Tıpkı telefonunuza uygulama güncellemesi indirir gibi çamaşır ve kurutma makineniz de güncellemelerle değişen yaşam tarzınıza ayak uyduruyor. 

Akıllı deterjan yönetimi: i-Dos ile her yıkamada doğru ölçü 

Makineyi tamamen doldurunca veya tek parça kıyafeti makineye attığınızda ne kadar deterjan koyacağınızı bilemiyor olabilirsiniz. İşte tam bu noktada i-Dos Deterjan Tarama teknolojisi devreye giriyor. Siemens Home Connect üzerinden şişelerin barkodunu okutup su sertliği ve deterjan yoğunluğunu makineye iletiyor, i-Dos ise her yıkamada doğru miktarı otomatik olarak ayarlıyor. Üstelik Siemens Home Connect uygulaması, deterjan seviyesini takip ederek deterjanınız tükenmeden önce size haber veriyor. Tek yapmanız gereken uygulamayı telefonunuza yüklemek ve çamaşır makinenizi uygulamaya bağlamak. 

stainRemoval teknolojisi: Zorlu lekelerle inatlaşmayı unutun 

Çay, yağ, makyaj, çikolata lekeleri… Gün içinde fark etmeden üzerinize bulaşan lekeler artık kâbus olmaktan çıkıyor. Siemens iQ500 çamaşır makinesi ile stainRemoval teknolojisi devreye giriyor. Tek bir dokunuşla çay, yağ, kozmetik veya günlük hayatta karşılaştığınız diğer zor lekeler için özel programları aktif edebilirsiniz. 

Siemens Home Connect uygulaması sayesinde daha fazla leke türünü ve bunlar için geliştirilmiş özel programları keşfetmek de mümkün. Yani sadece “lekeyi çıkar” demekle kalmıyor, sizin için en doğru yıkama programını da otomatik olarak öneriyor. Böylece hem lekelerle uğraşmak zorunda kalmıyor hem de giysilerinizin ömrünü koruyorsunuz. 

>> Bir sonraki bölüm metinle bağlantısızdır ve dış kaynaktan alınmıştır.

lemma interpolation_has_derivative:
  "distinct js \<Longrightarrow> bounded_functional F \<Longrightarrow>
    ((\<lambda>t. interpolation \<mu>1 \<mu>2 js t F) has_real_derivative
      (\<Sum>i\<in>set js. interpolation \<mu>1 \<mu>2 js t (integrate_at_diff \<mu>1 \<mu>2 i F))) (at t)"
proof (induction js arbitrary: F t)
  case Nil
  then show ?case by simp
next
  case (Cons j js)
  define G1 where "G1 = integrate_at \<mu>1 j F"
  define G2 where "G2 = integrate_at \<mu>2 j F"
  have G1: "bounded_functional G1" and G2: "bounded_functional G2"
    unfolding G1_def G2_def using Cons.prems
    by (simp_all add: bounded_functional_integrate_at1 bounded_functional_integrate_at2)
  have j: "j \<notin> set js" and js: "distinct js"
    using Cons.prems by auto
  define D where "D G = (\<Sum>i\<in>set js. interpolation \<mu>1 \<mu>2 js t (integrate_at_diff \<mu>1 \<mu>2 i G))" for G
  have d1: "((\<lambda>t. interpolation \<mu>1 \<mu>2 js t G1) has_real_derivative D G1) (at t)"
    and d2: "((\<lambda>t. interpolation \<mu>1 \<mu>2 js t G2) has_real_derivative D G2) (at t)"
    unfolding D_def using Cons.IH[OF js] G1 G2 by auto
  \<comment> \<open>Differentiating the weights \<open>t\<close>, \<open>1 - t\<close> gives the term of site \<open>j\<close>, differentiating
    the inner interpolations gives the terms of the other sites.\<close>
  have "((\<lambda>t. t * interpolation \<mu>1 \<mu>2 js t G1 + (1 - t) * interpolation \<mu>1 \<mu>2 js t G2) has_real_derivative
      interpolation \<mu>1 \<mu>2 js t G1 + t * D G1 - interpolation \<mu>1 \<mu>2 js t G2 + (1 - t) * D G2) (at t)"
    by (auto intro!: derivative_eq_intros d1 d2)
  moreover have "(\<lambda>t. interpolation \<mu>1 \<mu>2 (j # js) t F)
      = (\<lambda>t. t * interpolation \<mu>1 \<mu>2 js t G1 + (1 - t) * interpolation \<mu>1 \<mu>2 js t G2)"
    unfolding G1_def G2_def by (intro ext interpolation_Cons_split Cons.prems)
  moreover have "(\<Sum>i\<in>set (j # js). interpolation \<mu>1 \<mu>2 (j # js) t (integrate_at_diff \<mu>1 \<mu>2 i F))
      = interpolation \<mu>1 \<mu>2 js t G1 + t * D G1 - interpolation \<mu>1 \<mu>2 js t G2 + (1 - t) * D G2"
  proof -
    have "(\<Sum>i\<in>set js. interpolation \<mu>1 \<mu>2 (j # js) t (integrate_at_diff \<mu>1 \<mu>2 i F))
        = (\<Sum>i\<in>set js. t * interpolation \<mu>1 \<mu>2 js t (integrate_at_diff \<mu>1 \<mu>2 i G1)
            + (1 - t) * interpolation \<mu>1 \<mu>2 js t (integrate_at_diff \<mu>1 \<mu>2 i G2))"
      unfolding G1_def G2_def using Cons.prems j
      by (intro sum.cong refl interpolation_Cons_diff_other) auto
    then show ?thesis
      unfolding D_def G1_def G2_def using Cons.prems j
      by (simp add: interpolation_Cons_diff_same sum.distrib sum_distrib_left del: interpolation.simps)
  qed
  ultimately show ?case
    by simp
qed

lemma interpolation_difference_le:
  assumes js: "distinct js" and F: "bounded_functional F"
    and W: "\<And>w. (\<Sum>i\<in>set js. \<bar>integrate_at_diff \<mu>1 \<mu>2 i F w\<bar>) \<le> W"
  shows "\<bar>interpolation \<mu>1 \<mu>2 js 1 F - interpolation \<mu>1 \<mu>2 js 0 F\<bar> \<le> W"
proof -
  obtain z :: real where z: "0 < z" "z < 1" and mvt: "interpolation \<mu>1 \<mu>2 js 1 F - interpolation \<mu>1 \<mu>2 js 0 F
      = (\<Sum>i\<in>set js. interpolation \<mu>1 \<mu>2 js z (integrate_at_diff \<mu>1 \<mu>2 i F))"
    using MVT2[of 0 1 "\<lambda>t. interpolation \<mu>1 \<mu>2 js t F"
        "\<lambda>t. \<Sum>i\<in>set js. interpolation \<mu>1 \<mu>2 js t (integrate_at_diff \<mu>1 \<mu>2 i F)"]
      interpolation_has_derivative[OF js F] by auto
  have bounded: "\<And>i. bounded_functional (\<lambda>w. \<bar>integrate_at_diff \<mu>1 \<mu>2 i F w\<bar>)"
    using F by (intro bounded_functional_abs bounded_functional_integrate_at_diff)
  have "\<bar>\<Sum>i\<in>set js. interpolation \<mu>1 \<mu>2 js z (integrate_at_diff \<mu>1 \<mu>2 i F)\<bar>
      \<le> (\<Sum>i\<in>set js. interpolation \<mu>1 \<mu>2 js z (\<lambda>w. \<bar>integrate_at_diff \<mu>1 \<mu>2 i F w\<bar>))"
    using z F by (intro order_trans[OF sum_abs] sum_mono abs_interpolation_le bounded_functional_integrate_at_diff) auto
  also have "\<dots> = interpolation \<mu>1 \<mu>2 js z (\<lambda>w. \<Sum>i\<in>set js. \<bar>integrate_at_diff \<mu>1 \<mu>2 i F w\<bar>)"
    using bounded by (simp add: interpolation_sum)
  also have "\<dots> \<le> interpolation \<mu>1 \<mu>2 js z (\<lambda>_. W)"
    using z W bounded by (intro interpolation_mono bounded_functional_sum bounded_functional_const) auto
  finally show ?thesis
    using mvt by (simp add: interpolation_const)
qed

end

section \<open>Taylor expansion of \<open>ln (P + Q e\<^sup>y)\<close>\<close>

definition logistic_weight :: "real \<Rightarrow> real \<Rightarrow> real \<Rightarrow> real" where
  "logistic_weight P Q t = Q * exp t / (P + Q * exp t)"

context
  fixes P Q :: real
  assumes P: "P > 0" and Q: "Q > 0"
begin

lemma add_exp_pos: "P + Q * exp t > 0"
  using P Q by (simp add: add_pos_pos)

lemma logistic_weight_nonneg: "0 \<le> logistic_weight P Q t"
  and logistic_weight_le_1: "logistic_weight P Q t \<le> 1"
  using P Q add_exp_pos[of t] by (simp_all add: logistic_weight_def)

lemma has_real_derivative_ln_add_exp:
  "((\<lambda>t. ln (P + Q * exp t)) has_real_derivative logistic_weight P Q t) (at t)"
  using add_exp_pos[of t] by (auto intro!: derivative_eq_intros simp: logistic_weight_def)

lemma has_real_derivative_logistic_weight:
  "(logistic_weight P Q has_real_derivative logistic_weight P Q t * (1 - logistic_weight P Q t)) (at t)"
proof -
  have "(logistic_weight P Q has_real_derivative
      (Q * exp t * (P + Q * exp t) - Q * exp t * (Q * exp t)) / (P + Q * exp t)\<^sup>2) (at t)"
    unfolding logistic_weight_def[abs_def] using add_exp_pos[of t]
    by (auto intro!: derivative_eq_intros simp: power2_eq_square)
  moreover have "(Q * exp t * (P + Q * exp t) - Q * exp t * (Q * exp t)) / (P + Q * exp t)\<^sup>2
      = logistic_weight P Q t * (1 - logistic_weight P Q t)"
    using add_exp_pos[of t] by (simp add: logistic_weight_def field_simps power2_eq_square)
  ultimately show ?thesis
    by simp
qed

lemma logistic_weight_le_exp_abs_diff:
  "logistic_weight P Q a \<le> exp \<bar>a - b\<bar> * logistic_weight P Q b"
proof -
  have "Q * exp a * (P + Q * exp b) \<le> exp \<bar>a - b\<bar> * (Q * exp b) * (P + Q * exp a)"
  proof (cases "b \<le> a")
    case True
    then have "Q * exp a * (P + Q * exp b) \<le> Q * exp a * (P + Q * exp a)"
      using Q by (intro mult_left_mono) auto
    also have "\<dots> = exp \<bar>a - b\<bar> * (Q * exp b) * (P + Q * exp a)"
      using True by (simp add: mult_exp_exp)
    finally show ?thesis .
  next
    case False
    have "Q * exp a * (P + Q * exp b) = Q * (P * exp a) + Q * Q * (exp a * exp b)"
      by (simp add: algebra_simps)
    also have "\<dots> \<le> Q * (P * exp (2 * b - a)) + Q * Q * (exp (2 * b - a) * exp a)"
      using P Q False by (intro add_mono mult_left_mono) (auto simp: mult_exp_exp)
    also have "\<dots> = exp \<bar>a - b\<bar> * (Q * exp b) * (P + Q * exp a)"
      using False by (simp add: algebra_simps flip: exp_add)
    finally show ?thesis .
  qed
  then show ?thesis
    using add_exp_pos[of a] add_exp_pos[of b]
    by (simp add: logistic_weight_def divide_simps mult.commute mult.left_commute)
qed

Artık çocuğunuza yemek yedirirken dökülen yemek lekeleri, kahve kazaları ya da mutfakta sıçrayan yağ lekeleri sizi endişelendirmiyor. stainRemoval, günlük hayatın getirdiği küçük sürprizlere karşı en güvenilir yardımcınız oluyor. 

Siemens iQ500 çamaşır ve kurutma makineleri, artık sadece kıyafetlerinizi temizleyen makineler değil; size zaman, konfor ve güven veren akıllı iş ortaklarınızdır. Ütüye harcadığınız vakti kendinize ayırın, lekelerle uğraşmayı unutun ve teknolojinin yaşam alanınıza uyumunun keyfini yaşayın.

*Bu yazı Siemens’in katkılarıyla hazırlanmıştır.